■ Instructions to follow
Find the lines in the records below that contain "symmetric", and report each of them.

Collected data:
= Beginning of Section =
locale definable_structure =
  fixes D :: "'a list set set"
  assumes definable_family: "definable_family D"
begin

lemma definable_pred_True: "definable_pred D n (\<lambda>_. True)"
  using definable_family by (simp add: definable_family_def definable_pred_def)

lemma definable_pred_conj:
  assumes "definable_pred D n P" and "definable_pred D n Q"
  shows "definable_pred D n (\<lambda>xs. P xs \<and> Q xs)"
proof -
  have "{xs \<in> tuples n. P xs} \<inter> {xs \<in> tuples n. Q xs} \<in> D"
    using assms definable_family by (simp add: definable_pred_def definable_family_def)
  moreover have "{xs \<in> tuples n. P xs} \<inter> {xs \<in> tuples n. Q xs} = {xs \<in> tuples n. P xs \<and> Q xs}"
    by blast
  ultimately show ?thesis
    by (simp add: definable_pred_def)
qed

lemma definable_pred_All_less:
  "(\<And>i. i < (k::nat) \<Longrightarrow> definable_pred D n (P i)) \<Longrightarrow> definable_pred D n (\<lambda>xs. \<forall>i<k. P i xs)"
proof (induction k)
  case 0
  show ?case
    using definable_pred_True by simp
next
  case (Suc k)
  then have "definable_pred D n (\<lambda>xs. (\<forall>i<k. P i xs) \<and> P k xs)"
    by (intro definable_pred_conj) auto
  then show ?case
    by (rule definable_pred_cong) (auto simp: less_Suc_eq)
qed

lemma definable_pred_nth_eq: "i < n \<Longrightarrow> j < n \<Longrightarrow> definable_pred D n (\<lambda>xs. xs ! i = xs ! j)"
  using definable_family by (simp add: definable_family_def definable_pred_def)

lemma definable_pred_nth_eq_const: "i < n \<Longrightarrow> definable_pred D n (\<lambda>xs. xs ! i = a)"
  using definable_family by (simp add: definable_family_def definable_pred_def)

lemma definable_pred_ex_last:
  assumes "definable_pred D (Suc n) P"
  shows "definable_pred D n (\<lambda>xs. \<exists>y. P (xs @ [y]))"
proof -
  have "take n ` {xs \<in> tuples (Suc n). P xs} \<in> D"
    using assms definable_family unfolding definable_pred_def definable_family_def
    by (metis (no_types, lifting) mem_Collect_eq subsetI)
  moreover have "take n ` {xs \<in> tuples (Suc n). P xs} = {xs \<in> tuples n. \<exists>y. P (xs @ [y])}"
  proof (intro equalityI subsetI)
    fix xs
    assume "xs \<in> take n ` {xs \<in> tuples (Suc n). P xs}"
    then show "xs \<in> {xs \<in> tuples n. \<exists>y. P (xs @ [y])}"
      by (auto simp: tuples_def length_Suc_conv_rev)
  next
    fix xs
    assume "xs \<in> {xs \<in> tuples n. \<exists>y. P (xs @ [y])}"
    then show "xs \<in> take n ` {xs \<in> tuples (Suc n). P xs}"
      by (force simp: tuples_def intro: image_eqI[where x = "xs @ [_]"])
  qed
  ultimately show ?thesis
    by (simp add: definable_pred_def)
qed
lemma lebesgue_on_integrable_borel_representative:
  fixes S :: "'a::euclidean_space set" and g :: "'a \<Rightarrow> real"
  assumes S [measurable]: "S \<in> sets borel" and g: "integrable (lebesgue_on S) g"
  obtains h where "h \<in> borel_measurable borel" "integrable (restrict_space lborel S) h"
    "AE x in restrict_space lborel S. g x = h x"
    "integral\<^sup>L (lebesgue_on S) g = integral\<^sup>L (restrict_space lborel S) h"
proof -
  have S_lborel: "S \<inter> space lborel \<in> sets lborel" and S_lebesgue: "S \<inter> space lebesgue \<in> sets lebesgue"
    by auto
  define G where "G x = indicator S x *\<^sub>R g x" for x
  have G: "integrable lebesgue G"
    using g unfolding integrable_restrict_space[OF S_lebesgue] G_def .
  then have "G \<in> borel_measurable (completion lborel)" by (rule borel_measurable_integrable)
  then obtain h0 where h0: "h0 \<in> borel_measurable lborel" "AE x in lborel. G x = h0 x"
    using completion_ex_borel_measurable_real by blast
  define h where "h x = indicator S x *\<^sub>R h0 x" for x
  have [measurable]: "h0 \<in> borel_measurable borel"
    using h0(1) by (simp add: measurable_cong_sets[OF sets_lborel refl])
  have h_borel [measurable]: "h \<in> borel_measurable borel" unfolding h_def by measurable
  have h_lborel: "h \<in> borel_measurable lborel" by simp
  have G_eq_h: "AE x in lborel. G x = h x"
    using h0(2) by eventually_elim (auto simp: G_def h_def indicator_def)
  then have G_eq_h': "AE x in lebesgue. G x = h x" by (rule AE_completion)
  have "integrable lebesgue h"
    by (rule integrable_cong_AE_imp[OF G measurable_completion[OF h_lborel] G_eq_h'])
  then have "integrable lborel h" using integrable_completion[OF h_lborel] by simp
  moreover have h_restrict: "(\<lambda>x. indicator S x *\<^sub>R h x) = h" by (auto simp: h_def indicator_def)
  ultimately have "integrable (restrict_space lborel S) h"
    unfolding integrable_restrict_space[OF S_lborel] by simp
  moreover have "AE x in restrict_space lborel S. g x = h x"
    unfolding AE_restrict_space_iff[OF S_lborel]
    using G_eq_h by eventually_elim (auto simp: G_def)
  moreover have "integral\<^sup>L (lebesgue_on S) g = integral\<^sup>L (restrict_space lborel S) h"
  proof -
    have "integral\<^sup>L (lebesgue_on S) g = integral\<^sup>L lebesgue G"
      unfolding integral_restrict_space[OF S_lebesgue] G_def ..
    also have "\<dots> = integral\<^sup>L lebesgue h"
      using G h_lborel G_eq_h'
      by (intro integral_cong_AE) (auto intro: measurable_completion borel_measurable_integrable)
    also have "\<dots> = integral\<^sup>L lborel h" by (rule integral_completion[OF h_lborel])
    finally show ?thesis
      unfolding integral_restrict_space[OF S_lborel] h_restrict .
  qed
  ultimately show ?thesis using h_borel that by blast
qed

lemma integral_distr_marginal:
  assumes pr: "pr \<in> M \<rightarrow>\<^sub>M N" and marginal: "distr M N pr = N"
    and h: "h \<in> borel_measurable N" "integrable N (h :: _ \<Rightarrow> real)"
  shows "integrable M (\<lambda>x. h (pr x))" "(\<integral>x. h (pr x) \<partial>M) = (\<integral>y. h y \<partial>N)"
  using integrable_distr_eq[OF pr h(1)] integral_distr[OF pr h(1)] h(2) by (simp_all add: marginal)

section \<open>Couplings and weak duality\<close>

lemma unit_sq_borel [measurable]: "unit_sq \<in> sets borel"
  and unit_cube_borel [measurable]: "unit_cube \<in> sets borel"
  unfolding unit_sq_def unit_cube_def by (simp_all add: borel_prod[symmetric])

lemma sets_mu2 [measurable_cong]: "sets mu2 = sets (restrict_space borel unit_sq)"
  unfolding mu2_def by (simp add: sets_restrict_space)

lemma space_mu2: "space mu2 = unit_sq"
  unfolding mu2_def by (simp add: space_restrict_space)

lemma prob_space_mu2: "prob_space mu2"
proof
  have "emeasure (lborel \<Otimes>\<^sub>M lborel) ({0..1::real} \<times> {0..1::real}) = 1"
    by (simp add: lborel.emeasure_pair_measure_Times)
  then have "emeasure lborel unit_sq = 1"
    by (simp add: lborel_prod unit_sq_def)
  then show "emeasure mu2 (space mu2) = 1"
    by (simp add: space_mu2 mu2_def emeasure_restrict_space)
qed

lemma nn_integral_mu2:
  "H \<in> borel_measurable borel \<Longrightarrow> (\<integral>\<^sup>+q. H q \<partial>mu2) = (\<integral>\<^sup>+q. H q * indicator unit_sq q \<partial>lborel)"
  unfolding mu2_def by (simp add: nn_integral_restrict_space)

lemma borel_measurable_pr [measurable]:
  "pr12 \<in> borel \<rightarrow>\<^sub>M borel" "pr13 \<in> borel \<rightarrow>\<^sub>M borel" "pr23 \<in> borel \<rightarrow>\<^sub>M borel"
  unfolding pr12_def pr13_def pr23_def by measurable

lemma pr_apply:
  "pr12 p = (fst p, fst (snd p))" "pr13 p = (fst p, snd (snd p))" "pr23 p = (fst (snd p), snd (snd p))"
  by (simp_all add: pr12_def pr13_def pr23_def split: prod.splits)
lemma nikishin_chain_reverse:
  assumes "nikishin_chain mu K (\<lambda>k. a + k) n"
  shows "nikishin_chain mu K (\<lambda>k. a + n - k) n"
  unfolding nikishin_chain_def
proof (intro conjI allI impI)
  show "inj_on (\<lambda>k. a + n - k) {..n}"
    by (auto simp: inj_on_def)
  fix k
  show "concentrated_on_compact (mu (a + n - k)) (K (a + n - k))" if "k \<le> n"
    using assms that unfolding nikishin_chain_def
    by (metis Nat.add_diff_assoc diff_le_self)
  show "K (a + n - k) \<inter> K (a + n - Suc k) = {}" if "k < n"
  proof -
    have disjoint: "K (a + l) \<inter> K (a + Suc l) = {}" if "l < n" for l
      using assms that unfolding nikishin_chain_def by simp
    have "K (a + (n - Suc k)) \<inter> K (a + Suc (n - Suc k)) = {}"
      by (rule disjoint) (use that in simp)
    moreover have "a + Suc (n - Suc k) = a + n - k" and "a + (n - Suc k) = a + n - Suc k"
      using that by simp_all
    ultimately show ?thesis
      by (simp add: Int_commute)
  qed
qed

lemma nikishin_chain_ascending_iff:
  assumes "1 \<le> j"
  shows "nikishin_chain mu K Suc (j - 1) \<longleftrightarrow>
    (\<forall>k\<in>{1..j}. concentrated_on_compact (mu k) (K k)) \<and> (\<forall>k\<in>{1..<j}. K k \<inter> K (Suc k) = {})"
proof -
  have shift: "(\<forall>l. l < b \<longrightarrow> P (Suc l)) \<longleftrightarrow> (\<forall>k\<in>{1..<Suc b}. P k)" for b and P :: "nat \<Rightarrow> bool"
  proof (intro iffI ballI)
    fix k assume "\<forall>l. l < b \<longrightarrow> P (Suc l)" and "k \<in> {1..<Suc b}"
    then show "P k"
      by (cases k) auto
  qed auto
  have "{1..<Suc j} = {1..j}" and "Suc (j - 1) = j" and "\<And>k. k \<le> j - 1 \<longleftrightarrow> k < j"
    using assms by auto
  then show ?thesis
    unfolding nikishin_chain_def
    using shift[of "Suc (j - 1)" "\<lambda>k. concentrated_on_compact (mu k) (K k)"]
      shift[of "j - 1" "\<lambda>k. K k \<inter> K (Suc k) = {}"]
    by (simp add: inj_on_def less_Suc_eq_le)
qed

lemma nikishin_chain_descending:
  assumes "nikishin_chain mu K Suc (j - 1)" and "1 \<le> i" and "i \<le> j"
  shows "nikishin_chain mu K (\<lambda>k. j - k) (j - i)"
proof -
  have "nikishin_chain mu K (\<lambda>k. 1 + (j - 1) - k) (j - 1)"
    using nikishin_chain_reverse[of mu K 1 "j - 1"] assms(1) by (simp add: plus_1_eq_Suc)
  moreover have "(\<lambda>k. 1 + (j - 1) - k) = (\<lambda>k. j - k)"
    using assms(2,3) by auto
  ultimately show ?thesis
    using assms(2) by (auto intro: nikishin_chain_prefix)
qed
lemma trinom_upper:
  assumes "a + b \<le> n"
  shows "trinom n a b \<le> real n ^ (a + b) / (fact a * fact b)"
proof -
  have "(fact n :: real) \<le> fact (n - (a + b)) * real n ^ (a + b)"
    using fact_upper[of "n - (a + b)" "a + b"] assms by simp
  then show ?thesis
    unfolding trinom_def by (simp add: field_simps)
qed

lemma trinom_lower:
  assumes "a + b \<le> n"
  shows "real (n - (a + b)) ^ (a + b) / (fact a * fact b) \<le> trinom n a b"
proof -
  have "(fact (n - (a + b)) :: real) * real (n - (a + b)) ^ (a + b) \<le> fact n"
    using fact_lower[of "n - (a + b)" "a + b"] assms by simp
  then show ?thesis
    unfolding trinom_def by (simp add: field_simps)
qed

lemma fact_mult_le:
  assumes "1 \<le> j" "a \<le> s"
  shows "(fact (j * a) :: real) \<le> fact a * real (j * s) ^ ((j - 1) * a)"
proof -
  have "j * a = a + (j - 1) * a"
    using assms by (simp add: algebra_simps)
  then have "(fact (j * a) :: real) \<le> fact a * real (j * a) ^ ((j - 1) * a)"
    using fact_upper[of a "(j - 1) * a"] by simp
  also have "\<dots> \<le> fact a * real (j * s) ^ ((j - 1) * a)"
    using assms by (intro mult_left_mono power_mono) auto
  finally show ?thesis .
qed
lemma has_usum_cmult:
  assumes s: "has_usum u s"
  shows "has_usum (\<lambda>i. c * u i) (c * s)"
proof (cases "c = 0")
  case False
  show ?thesis
  proof (rule has_usumI)
    fix e :: real assume "e > 0"
    then obtain B where B: "finite B" "\<And>C. finite C \<Longrightarrow> B \<subseteq> C \<Longrightarrow> av (s - sum u C) \<le> e / av c"
      using has_usumD[OF s, of "e / av c"] False by (auto intro: divide_pos_pos av_pos)
    have "av (c * s - sum (\<lambda>i. c * u i) C) \<le> e" if "finite C" "B \<subseteq> C" for C
    proof -
      have "c * s - sum (\<lambda>i. c * u i) C = c * (s - sum u C)"
        by (simp add: sum_distrib_left right_diff_distrib)
      moreover have "av c * av (s - sum u C) \<le> e"
        using B(2)[OF that] av_pos[OF False] by (simp add: le_divide_eq mult.commute)
      ultimately show ?thesis
        by simp
    qed
    then show "\<exists>B. finite B \<and> (\<forall>C. finite C \<longrightarrow> B \<subseteq> C \<longrightarrow> av (c * s - sum (\<lambda>i. c * u i) C) \<le> e)"
      using B(1) by blast
  qed
qed (auto simp: has_usum_def)

lemma has_usum_mult_right: "has_usum u s \<Longrightarrow> has_usum (\<lambda>i. u i * c) (s * c)"
  using has_usum_cmult[of u s c] by (simp add: mult.commute)

lemma has_usum_cong:
  assumes "has_usum u s" "\<And>i. u i = v i"
  shows "has_usum v s"
proof -
  have "u = v"
    using assms(2) by (rule ext)
  then show ?thesis
    using assms(1) by simp
qed

lemma has_usum_reindex:
  assumes h: "bij h" and s: "has_usum (u \<circ> h) s"
  shows "has_usum u s"
proof (rule has_usumI)
  fix e :: real assume "e > 0"
  then obtain B where B: "finite B" "\<And>C. finite C \<Longrightarrow> B \<subseteq> C \<Longrightarrow> av (s - sum (u \<circ> h) C) \<le> e"
    using has_usumD[OF s] by blast
  have "av (s - sum u C) \<le> e" if "finite C" "h ` B \<subseteq> C" for C
  proof -
    have "inj h"
      using h bij_is_inj by blast
    have "sum u C = sum u (h ` (h -` C))"
      using h by (simp add: bij_def surj_image_vimage_eq)
    also have "\<dots> = sum (u \<circ> h) (h -` C)"
      using sum.reindex[OF inj_on_subset[OF \<open>inj h\<close> subset_UNIV]] by blast
    finally have "sum u C = sum (u \<circ> h) (h -` C)" .
    moreover have "finite (h -` C)"
      using \<open>inj h\<close> \<open>finite C\<close> by (simp add: finite_vimageI)
    moreover have "B \<subseteq> h -` C"
      using that(2) by auto
    ultimately show ?thesis
      using B(2) by simp
  qed
  then show "\<exists>B. finite B \<and> (\<forall>C. finite C \<longrightarrow> B \<subseteq> C \<longrightarrow> av (s - sum u C) \<le> e)"
    using B(1) by blast
qed

lemma av_has_usum_le:
  assumes s: "has_usum u s" and bound: "\<And>i. av (u i) \<le> M" and "0 \<le> M"
  shows "av s \<le> M"
proof (rule field_le_epsilon)
  fix e :: real assume "e > 0"
  then obtain B where "finite B" "av (s - sum u B) \<le> e"
    using has_usumD[OF s \<open>e > 0\<close>] by blast
  moreover have "av (sum u B) \<le> M"
    using bound \<open>0 \<le> M\<close> by (intro av_sum_le)
  ultimately show "av s \<le> M + e"
    using av_add_le_max[of "s - sum u B" "sum u B"] \<open>e > 0\<close> \<open>0 \<le> M\<close> by auto
qed

lemma has_usum_iterated:
  assumes tot: "has_usum w S"
    and col: "\<And>j. has_usum (\<lambda>i. w (i, j)) (v j)"
  shows "has_usum v S"
proof (rule has_usumI)
  fix e :: real assume "e > 0"
  obtain B where B: "finite B" "\<And>C. finite C \<Longrightarrow> B \<subseteq> C \<Longrightarrow> av (S - sum w C) \<le> e"
    using has_usumD[OF tot \<open>e > 0\<close>] by blast
  have "\<exists>I. finite I \<and> fst ` B \<subseteq> I \<and> av (v j - (\<Sum>i\<in>I. w (i, j))) \<le> e" for j
  proof -
    obtain Bj where "finite Bj" "\<And>C. finite C \<Longrightarrow> Bj \<subseteq> C \<Longrightarrow> av (v j - (\<Sum>i\<in>C. w (i, j))) \<le> e"
      using has_usumD[OF col \<open>e > 0\<close>] by blast
    then show ?thesis
      using B(1) by (intro exI[of _ "Bj \<union> fst ` B"]) auto
  qed
  then obtain I where I: "\<And>j. finite (I j)" "\<And>j. fst ` B \<subseteq> I j"
    "\<And>j. av (v j - (\<Sum>i\<in>I j. w (i, j))) \<le> e"
    by metis
  have "av (S - sum v J) \<le> e" if J: "finite J" "snd ` B \<subseteq> J" for J
  proof -
    define C where "C = (\<lambda>(j, i). (i, j)) ` Sigma J I"
    have "finite C"
      using J(1) I(1) unfolding C_def by simp
    have "B \<subseteq> C"
    proof
      fix x assume "x \<in> B"
      then have "(snd x, fst x) \<in> Sigma J I"
        using J(2) I(2) by blast
      then show "x \<in> C"
        unfolding C_def by (rule rev_image_eqI) simp
    qed
    moreover have "sum w C = (\<Sum>j\<in>J. \<Sum>i\<in>I j. w (i, j))"
      unfolding C_def using J(1) I(1)
      by (subst sum.reindex) (auto simp: inj_on_def sum.Sigma case_prod_unfold)
    ultimately have "av (S - (\<Sum>j\<in>J. \<Sum>i\<in>I j. w (i, j))) \<le> e"
      using B(2)[OF \<open>finite C\<close> \<open>B \<subseteq> C\<close>] by simp
    moreover have "av (sum v J - (\<Sum>j\<in>J. \<Sum>i\<in>I j. w (i, j))) \<le> e"
      using I(3) \<open>e > 0\<close> by (simp add: sum_subtractf[symmetric] av_sum_le)
    ultimately have "av ((S - (\<Sum>j\<in>J. \<Sum>i\<in>I j. w (i, j)))
        - (sum v J - (\<Sum>j\<in>J. \<Sum>i\<in>I j. w (i, j)))) \<le> e"
      by (rule av_diff_le)
    then show ?thesis
      by simp
  qed
  then show "\<exists>B. finite B \<and> (\<forall>J. finite J \<longrightarrow> B \<subseteq> J \<longrightarrow> av (S - sum v J) \<le> e)"
    using B(1) by blast
qed
(* Let $K\subseteq\mathbb{R}^d$ be compact. The following are equivalent: (a) $(\mathcal{J}^1(K),\|\cdot\|_{\mathcal{J}^1(K)})$ is a Banach space; (b) $(C^1(K),\|\cdot\|_{C^1(K)})$ is a Banach space; (c) for every $x\in K$ there is $C_x>0$ such that for all $f\in C^1(K)$ and all $y\in K\setminus\{x\}$, $\frac{|f(y)-f(x)|}{|y-x|}\le C_x\|f\|_{C^1(K)}$.
   Context: A continuous $df:K\to\mathbb{R}^d$ is a continuous derivative of $f:K\to\mathbb{R}$ on $K$ if $\lim_{y\to x,\,y\in K\setminus\{x\}}\frac{f(y)-f(x)-\langle df(x),y-x\rangle}{|y-x|}=0$ for all $x\in K$. $\mathcal{J}^1(K)=\{(f,df): df \text{ is a continuous derivative of } f \text{ on } K\}$ with norm $\|(f,df)\|_{\mathcal{J}^1(K)}=\|f\|_K+\|df\|_K$ ($\|\cdot\|_K$ the sup norm on $K$). $C^1(K)$ is the projection of $\mathcal{J}^1(K)$ onto the first coordinate, with the quotient norm $\|f\|_{C^1(K)}=\|f\|_K+\inf\{\|df\|_K: df \text{ a continuous derivative of } f\}$. *)

theory Defs
  imports "HOL-Analysis.Analysis"
begin

definition supnorm :: "'a set \<Rightarrow> ('a \<Rightarrow> 'b::real_normed_vector) \<Rightarrow> real" where
  "supnorm K g = (if K = {} then 0 else (SUP x\<in>K. norm (g x)))"

definition cont_deriv_on :: "'a::euclidean_space set \<Rightarrow> ('a \<Rightarrow> real) \<Rightarrow> ('a \<Rightarrow> 'a) \<Rightarrow> bool" where
  "cont_deriv_on K f df \<longleftrightarrow> continuous_on K df \<and>
     (\<forall>x\<in>K. ((\<lambda>y. (f y - f x - inner (df x) (y - x)) / norm (y - x)) \<longlongrightarrow> 0) (at x within K))"

definition J1 :: "'a::euclidean_space set \<Rightarrow> (('a \<Rightarrow> real) \<times> ('a \<Rightarrow> 'a)) set" where
  "J1 K = {(f, df). cont_deriv_on K f df}"

definition J1norm :: "'a::euclidean_space set \<Rightarrow> (('a \<Rightarrow> real) \<times> ('a \<Rightarrow> 'a)) \<Rightarrow> real" where
  "J1norm K p = supnorm K (fst p) + supnorm K (snd p)"

definition C1 :: "'a::euclidean_space set \<Rightarrow> ('a \<Rightarrow> real) set" where
  "C1 K = fst ` J1 K"

definition C1norm :: "'a::euclidean_space set \<Rightarrow> ('a \<Rightarrow> real) \<Rightarrow> real" where
  "C1norm K f = supnorm K f + (INF df\<in>{df. cont_deriv_on K f df}. supnorm K df)"

definition J1_banach :: "'a::euclidean_space set \<Rightarrow> bool" where
  "J1_banach K \<longleftrightarrow> (\<forall>s :: nat \<Rightarrow> ('a \<Rightarrow> real) \<times> ('a \<Rightarrow> 'a).
     (\<forall>n. s n \<in> J1 K) \<and>
     (\<forall>e>0. \<exists>N. \<forall>m\<ge>N. \<forall>n\<ge>N.
        J1norm K (\<lambda>x. fst (s m) x - fst (s n) x, \<lambda>x. snd (s m) x - snd (s n) x) < e)
     \<longrightarrow> (\<exists>l\<in>J1 K. (\<lambda>n. J1norm K (\<lambda>x. fst (s n) x - fst l x, \<lambda>x. snd (s n) x - snd l x))
              \<longlonglongrightarrow> 0))"

definition C1_banach :: "'a::euclidean_space set \<Rightarrow> bool" where
  "C1_banach K \<longleftrightarrow> (\<forall>s :: nat \<Rightarrow> ('a \<Rightarrow> real).
     (\<forall>n. s n \<in> C1 K) \<and>
     (\<forall>e>0. \<exists>N. \<forall>m\<ge>N. \<forall>n\<ge>N. C1norm K (\<lambda>x. s m x - s n x) < e)
     \<longrightarrow> (\<exists>g\<in>C1 K. (\<lambda>n. C1norm K (\<lambda>x. s n x - g x)) \<longlonglongrightarrow> 0))"

end

theory Submission
  imports Defs
begin

text \<open>If the difference quotients at every point x are bounded by C_x times the C^1 norm,
  a Cauchy sequence in J^1(K) converges uniformly together with its derivatives, and the bound
  controls the first-order remainder of the limit uniformly in y, so the limit function again has
  the limit of the derivatives as continuous derivative: J^1(K) is complete. Completeness passes
  to the quotient C^1(K) by lifting a geometrically fast Cauchy subsequence to J^1(K). Conversely,
  if the bound fails at x, a gliding hump argument adds up rescaled witnesses of the failure with
  rapidly shrinking norms; completeness of C^1(K) makes the sum a C^1 function, yet its difference
  quotients at x are unbounded, which is impossible for a function differentiable at x.\<close>

abbreviation pair_diff ::
    "('a \<Rightarrow> real) \<times> ('a \<Rightarrow> 'a::real_vector) \<Rightarrow> ('a \<Rightarrow> real) \<times> ('a \<Rightarrow> 'a) \<Rightarrow> ('a \<Rightarrow> real) \<times> ('a \<Rightarrow> 'a)"
  where "pair_diff p q \<equiv> (\<lambda>x. fst p x - fst q x, \<lambda>x. snd p x - snd q x)"

lemma supnorm_upper:
  assumes "bounded (g ` K)" and "y \<in> K"
  shows "norm (g y) \<le> supnorm K g"
proof -
  obtain a where "\<forall>z\<in>K. norm (g z) \<le> a" using assms(1) by (auto simp: bounded_iff)
  then have "bdd_above ((\<lambda>z. norm (g z)) ` K)" by (auto intro: bdd_aboveI2)
  then show ?thesis using assms(2) unfolding supnorm_def by (auto intro: cSUP_upper)
qed

lemma supnorm_least: "(\<And>y. y \<in> K \<Longrightarrow> norm (g y) \<le> B) \<Longrightarrow> 0 \<le> B \<Longrightarrow> supnorm K g \<le> B"
  unfolding supnorm_def by (simp add: cSUP_least)

lemma supnorm_nonneg:
  assumes "bounded (g ` K)"
  shows "0 \<le> supnorm K g"
proof (cases "K = {}")
  case False
  then obtain y where "y \<in> K" by blast
  then show ?thesis using supnorm_upper[OF assms] norm_ge_zero order_trans by blast
qed (simp add: supnorm_def)

lemma supnorm_add_le:
  assumes "bounded (f ` K)" "bounded (g ` K)"
  shows "supnorm K (\<lambda>x. f x + g x) \<le> supnorm K f + supnorm K g"
proof (rule supnorm_least)
  fix y assume "y \<in> K"
  then have "norm (f y) + norm (g y) \<le> supnorm K f + supnorm K g"
    using assms by (intro add_mono supnorm_upper)
  then show "norm (f y + g y) \<le> supnorm K f + supnorm K g"
    using norm_triangle_ineq order_trans by blast
qed (use supnorm_nonneg[OF assms(1)] supnorm_nonneg[OF assms(2)] in simp)

lemma supnorm_scaleR_le:
  assumes "bounded (g ` K)"
  shows "supnorm K (\<lambda>x. c *\<^sub>R g x) \<le> \<bar>c\<bar> * supnorm K g"
proof (rule supnorm_least)
  fix y assume "y \<in> K"
  then show "norm (c *\<^sub>R g y) \<le> \<bar>c\<bar> * supnorm K g"
    using supnorm_upper[OF assms] by (simp add: mult_left_mono)
qed (use supnorm_nonneg[OF assms] in simp)

lemma supnorm_minus_commute: "supnorm K (\<lambda>x. f x - g x) = supnorm K (\<lambda>x. g x - f x)"
  unfolding supnorm_def by (simp add: norm_minus_commute)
= End of Section =
■ Solution to the problem
  unfolding unit_sq_def unit_cube_def by (simp_all add: borel_prod[symmetric])
      using I(3) \<open>e > 0\<close> by (simp add: sum_subtractf[symmetric] av_sum_le)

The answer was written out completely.